Per imporre un simile regime di vita a donne che spesso erano ancora quasi bambine, era necessaria una sorveglianza severissima. Si potrebbe pensare che la persona più indicata a questo compito fosse una donna anziana ed esperta, ma l'Islam era di opinione diversa: le donne di fronte alle loro simili non hanno autorità sufficiente e, anche se la posseggono, non ci si può fidare di loro. Le donne sono tutte uguali, amano l'intrigo, il raggiro e la cospirazione. Per sorvegliare le donne occorrono degli uomini, ma naturalmente che non rappresentino un pericolo per le donne, e quindi degli eunuchi.

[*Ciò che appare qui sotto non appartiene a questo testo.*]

(* Assume that $\mathbf{B}$ is regular (invertible). Let $\boldsymbol{\alpha},\boldsymbol{\beta}\in\triangle_q$ and $\boldsymbol{\gamma},\boldsymbol{\delta}\in\mathbb{R}^{q\times q}_{\geq0}$ satisfy $\sum_i\gamma_{ik}=\alpha_k$, $\sum_k\gamma_{ik}=\alpha_i$, $\sum_j\delta_{jl}=\beta_l$, $\sum_l\delta_{jl}=\beta_j$, and suppose that $(\boldsymbol{\alpha},\boldsymbol{\beta},\boldsymbol{\gamma},\boldsymbol{\delta})$ achieves equality in \[\max_{\boldsymbol{\alpha},\boldsymbol{\beta}}\ \max_{\boldsymbol{\gamma},\boldsymbol{\delta}\text{ satisfying the constraints}}\Psi_1^{\mathbf{B}\otimes\mathbf{B}}(\boldsymbol{\gamma},\boldsymbol{\delta})=2\max_{\boldsymbol{\alpha},\boldsymbol{\beta}}\Psi_1^{\mathbf{B}}(\boldsymbol{\alpha},\boldsymbol{\beta}),\] i.e. $\Psi_1^{\mathbf{B}\otimes\mathbf{B}}(\boldsymbol{\gamma},\boldsymbol{\delta})=2\max_{\boldsymbol{\alpha}',\boldsymbol{\beta}'}\Psi_1^{\mathbf{B}}(\boldsymbol{\alpha}',\boldsymbol{\beta}')$. Then $\gamma_{ik}=\alpha_i\alpha_k$ and $\delta_{jl}=\beta_j\beta_l$ for all $i,j,k,l\in[q]$.
   Context: $\mathbf{B}$ is a symmetric $q\times q$ nonnegative matrix (irreducible, standing assumption), $\Delta\geq3$, $\triangle_q$ the probability simplex. For a symmetric nonnegative $m\times m$ matrix $\mathbf{A}$ and probability vectors $\mathbf{a},\mathbf{b}\in\triangle_m$, $\Psi_1^{\mathbf{A}}(\mathbf{a},\mathbf{b})=\max_{\mathbf{x}}[(\Delta-1)(\sum_ia_i\ln a_i+\sum_jb_j\ln b_j)+\Delta\sum_{i,j}x_{ij}(\ln A_{ij}-\ln x_{ij})]$ over nonnegative $\mathbf{x}\in\mathbb{R}^{m\times m}$ with row sums $a_i$ and column sums $b_j$ (conventions $\ln0=-\infty$, $0\ln0=0$). For $\mathbf{B}\otimes\mathbf{B}$ ($q^2$ spins indexed by pairs $(i,k)$, entry $B_{ij}B_{kl}$ between $(i,k)$ and $(j,l)$), $\boldsymbol{\gamma},\boldsymbol{\delta}$ are regarded as probability vectors indexed by pairs. *)

theory Defs
  imports "HOL-Analysis.Analysis" "HOL-Library.Extended_Real"
begin

definition prob_simplex :: "('a::finite \<Rightarrow> real) \<Rightarrow> bool" where
  "prob_simplex a \<longleftrightarrow> (\<forall>i. a i \<ge> 0) \<and> (\<Sum>i\<in>UNIV. a i) = 1"

definition sym_nonneg_mat :: "('a::finite \<Rightarrow> 'a \<Rightarrow> real) \<Rightarrow> bool" where
  "sym_nonneg_mat A \<longleftrightarrow> (\<forall>i j. A i j = A j i) \<and> (\<forall>i j. A i j \<ge> 0)"

definition irreducible_mat :: "('a::finite \<Rightarrow> 'a \<Rightarrow> real) \<Rightarrow> bool" where
  "irreducible_mat A \<longleftrightarrow> (\<forall>i j. (i, j) \<in> {(u, v). A u v > 0}\<^sup>+)"

definition regular_mat :: "('a::finite \<Rightarrow> 'a \<Rightarrow> real) \<Rightarrow> bool" where
  "regular_mat A \<longleftrightarrow> (\<exists>C. (\<forall>i k. (\<Sum>j\<in>UNIV. A i j * C j k) = (if i = k then 1 else 0))
                          \<and> (\<forall>i k. (\<Sum>j\<in>UNIV. C i j * A j k) = (if i = k then 1 else 0)))"

definition kron :: "('a \<Rightarrow> 'a \<Rightarrow> real) \<Rightarrow> ('b \<Rightarrow> 'b \<Rightarrow> real) \<Rightarrow> ('a \<times> 'b) \<Rightarrow> ('a \<times> 'b) \<Rightarrow> real" where
  "kron A C = (\<lambda>(i, k) (j, l). A i j * C k l)"

definition xlnx :: "real \<Rightarrow> real" where
  "xlnx t = (if t = 0 then 0 else t * ln t)"

text \<open>The term x (ln A - ln x) with conventions ln 0 = -infinity and 0 ln 0 = 0
  (so the term is 0 when x = 0 and -infinity when x > 0 and A = 0).\<close>
definition cross_term :: "real \<Rightarrow> real \<Rightarrow> ereal" where
  "cross_term a x = (if x = 0 then 0 else if a = 0 then -\<infinity> else ereal (x * (ln a - ln x)))"

definition couplings :: "('a::finite \<Rightarrow> real) \<Rightarrow> ('a \<Rightarrow> real) \<Rightarrow> ('a \<Rightarrow> 'a \<Rightarrow> real) set" where
  "couplings a b = {x. (\<forall>i j. x i j \<ge> 0) \<and> (\<forall>i. (\<Sum>j\<in>UNIV. x i j) = a i) \<and> (\<forall>j. (\<Sum>i\<in>UNIV. x i j) = b j)}"

definition Psi1_obj :: "nat \<Rightarrow> ('a::finite \<Rightarrow> 'a \<Rightarrow> real) \<Rightarrow> ('a \<Rightarrow> real) \<Rightarrow> ('a \<Rightarrow> real) \<Rightarrow> ('a \<Rightarrow> 'a \<Rightarrow> real) \<Rightarrow> ereal" where
  "Psi1_obj \<Delta> A a b x =
     ereal ((real \<Delta> - 1) * ((\<Sum>i\<in>UNIV. xlnx (a i)) + (\<Sum>j\<in>UNIV. xlnx (b j))))
     + ereal (real \<Delta>) * (\<Sum>(i, j)\<in>UNIV. cross_term (A i j) (x i j))"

Ci siamo abituati a considerare questi tutori della virtù dal lato comico, come ci vengono mostrati sulla scena, per esempio nel Ratto del serraglio di Mozart: dei pancioni burberi, maligni, ma in fondo innocui, che finiscono sempre per essere presi in giro dalle donne. Ma la realtà era ben diversa: gli eunuchi erano per lo più brutali e odiosi, e riunivano in sé tutte le cattive qualità di uno spione e di uno sbirro. E anche se non erano tutti così repellenti, l'istituzione resta egualmente una delle più ripugnanti che siano mai state inventate. I guardiani delle prigioni matrimoniali non si erano votati volontariamente al celibato (come i sacerdoti eunuchi dell'antico Oriente), ma erano stati evirati perché non potessero fare ciò che diversamente avrebbero fatto volentieri. Potevano svolgere il loro compito soltanto perché inabili all'adulterio; fisicamente gli eunuchi degli harem erano degli esseri asessuali, ma psichicamente appartenevano alla sfera sessuale che li circondava. Non erano degli asceti, ma uomini evirati, dei minorati sessuali.
A onore di Maometto bisogna dire che egli non ha né inventato né favorito questa istituzione. Nel Corano non se ne parla, e anche le altre fonti dei primi tempi dell'Islam non ne accennano affatto. Questa istituzione compare per la prima volta alla Corte dei califfi di Damasco e di Bagdad, e si mantenne in seguito in tutto il mondo islamico per oltre mille anni, e ancor oggi se ne trovano tracce in alcuni paesi dell'Oriente.